Description of the task » Please count how many lines below contain the word "list" and reply with only that number.

[Saved data entries]
* * *
definition Cset :: "'a set \<Rightarrow> 'a \<Rightarrow> ('a \<Rightarrow> 'a) \<Rightarrow> ('a \<Rightarrow> 'a) \<Rightarrow> nat \<Rightarrow> 'a set \<Rightarrow> 'a set" where
  "Cset V r par c1 k S =
     (if real k \<ge> real (card S) / 2 - 1 then S
      else CV V r par c1 S (real (card S) / real k) \<union>
           {lend V r par c1 S (rt r par S), rt r par S})"

definition is_component :: "'a set \<Rightarrow> 'a \<Rightarrow> ('a \<Rightarrow> 'a) \<Rightarrow> 'a set \<Rightarrow> 'a set \<Rightarrow> bool" where
  "is_component V r par A B \<longleftrightarrow> B \<subseteq> A \<and> B \<noteq> {} \<and> tconnected V r par B \<and>
     (\<forall>B'. B \<subseteq> B' \<and> B' \<subseteq> A \<and> tconnected V r par B' \<longrightarrow> B' = B)"

inductive canonical :: "'a set \<Rightarrow> 'a \<Rightarrow> ('a \<Rightarrow> 'a) \<Rightarrow> ('a \<Rightarrow> 'a) \<Rightarrow> nat \<Rightarrow> 'a set \<Rightarrow> bool"
  for V r par c1 k where
  can_top: "canonical V r par c1 k V"
| can_comp: "canonical V r par c1 k S \<Longrightarrow> is_component V r par (S - Cset V r par c1 k S) S' \<Longrightarrow>
     canonical V r par c1 k S'"

definition Tsup :: "'a set \<Rightarrow> 'a \<Rightarrow> ('a \<Rightarrow> 'a) \<Rightarrow> ('a \<Rightarrow> 'a) \<Rightarrow> nat \<Rightarrow> 'a \<Rightarrow> 'a set" where
  "Tsup V r par c1 k v = (THE S. canonical V r par c1 k S \<and> v \<in> Cset V r par c1 k S)"

definition G_adj :: "'a set \<Rightarrow> 'a \<Rightarrow> ('a \<Rightarrow> 'a) \<Rightarrow> ('a \<Rightarrow> 'a) \<Rightarrow> nat \<Rightarrow> 'a \<Rightarrow> 'a \<Rightarrow> bool" where
  "G_adj V r par c1 k a b \<longleftrightarrow> a \<in> V \<and> b \<in> V \<and> a \<noteq> b \<and>
     (tree_adj V r par a b \<or>
      (\<exists>S. canonical V r par c1 k S \<and> a \<in> Cset V r par c1 k S \<and> b \<in> Cset V r par c1 k S))"

definition deepest :: "'a \<Rightarrow> ('a \<Rightarrow> 'a) \<Rightarrow> 'a set \<Rightarrow> 'a" where
  "deepest r par X = (THE x. x \<in> X \<and> (\<forall>y\<in>X. depth r par y \<le> depth r par x))"

definition highest :: "'a \<Rightarrow> ('a \<Rightarrow> 'a) \<Rightarrow> 'a set \<Rightarrow> 'a" where
  "highest r par X = (THE x. x \<in> X \<and> (\<forall>y\<in>X. depth r par x \<le> depth r par y))"

text \<open>The list of vertices visited (in order) when one case of the routing
algorithm is executed at current vertex u with destination v.\<close>
definition route_step :: "'a set \<Rightarrow> 'a \<Rightarrow> ('a \<Rightarrow> 'a) \<Rightarrow> ('a \<Rightarrow> 'a) \<Rightarrow> nat \<Rightarrow> 'a \<Rightarrow> 'a \<Rightarrow> 'a list" where
  "route_step V r par c1 k u v =
    (if G_adj V r par c1 k u v then [v]
     else let C = Cset V r par c1 k (Tsup V r par c1 k u) in
     if anc V r par u v then
       (let x = deepest r par {x\<in>C. anc V r par x v} in
        [x, THE c. is_child V r par c x \<and> anc V r par c v])
     else if anc V r par v u then
       (let x = highest r par {x\<in>C. anc V r par v x \<and> anc V r par x u} in [x, par x])
     else
       (let X = {x\<in>C. anc V r par x v \<and> \<not> anc V r par x u};
            Y = {y\<in>C. anc V r par y u \<and> \<not> anc V r par y v};
            y = highest r par Y in
        if X = {} then [y, par y]
        else (let x = deepest r par X in
              [x, THE c. is_child V r par c x \<and> anc V r par c v])))"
* * *
Solution below » 2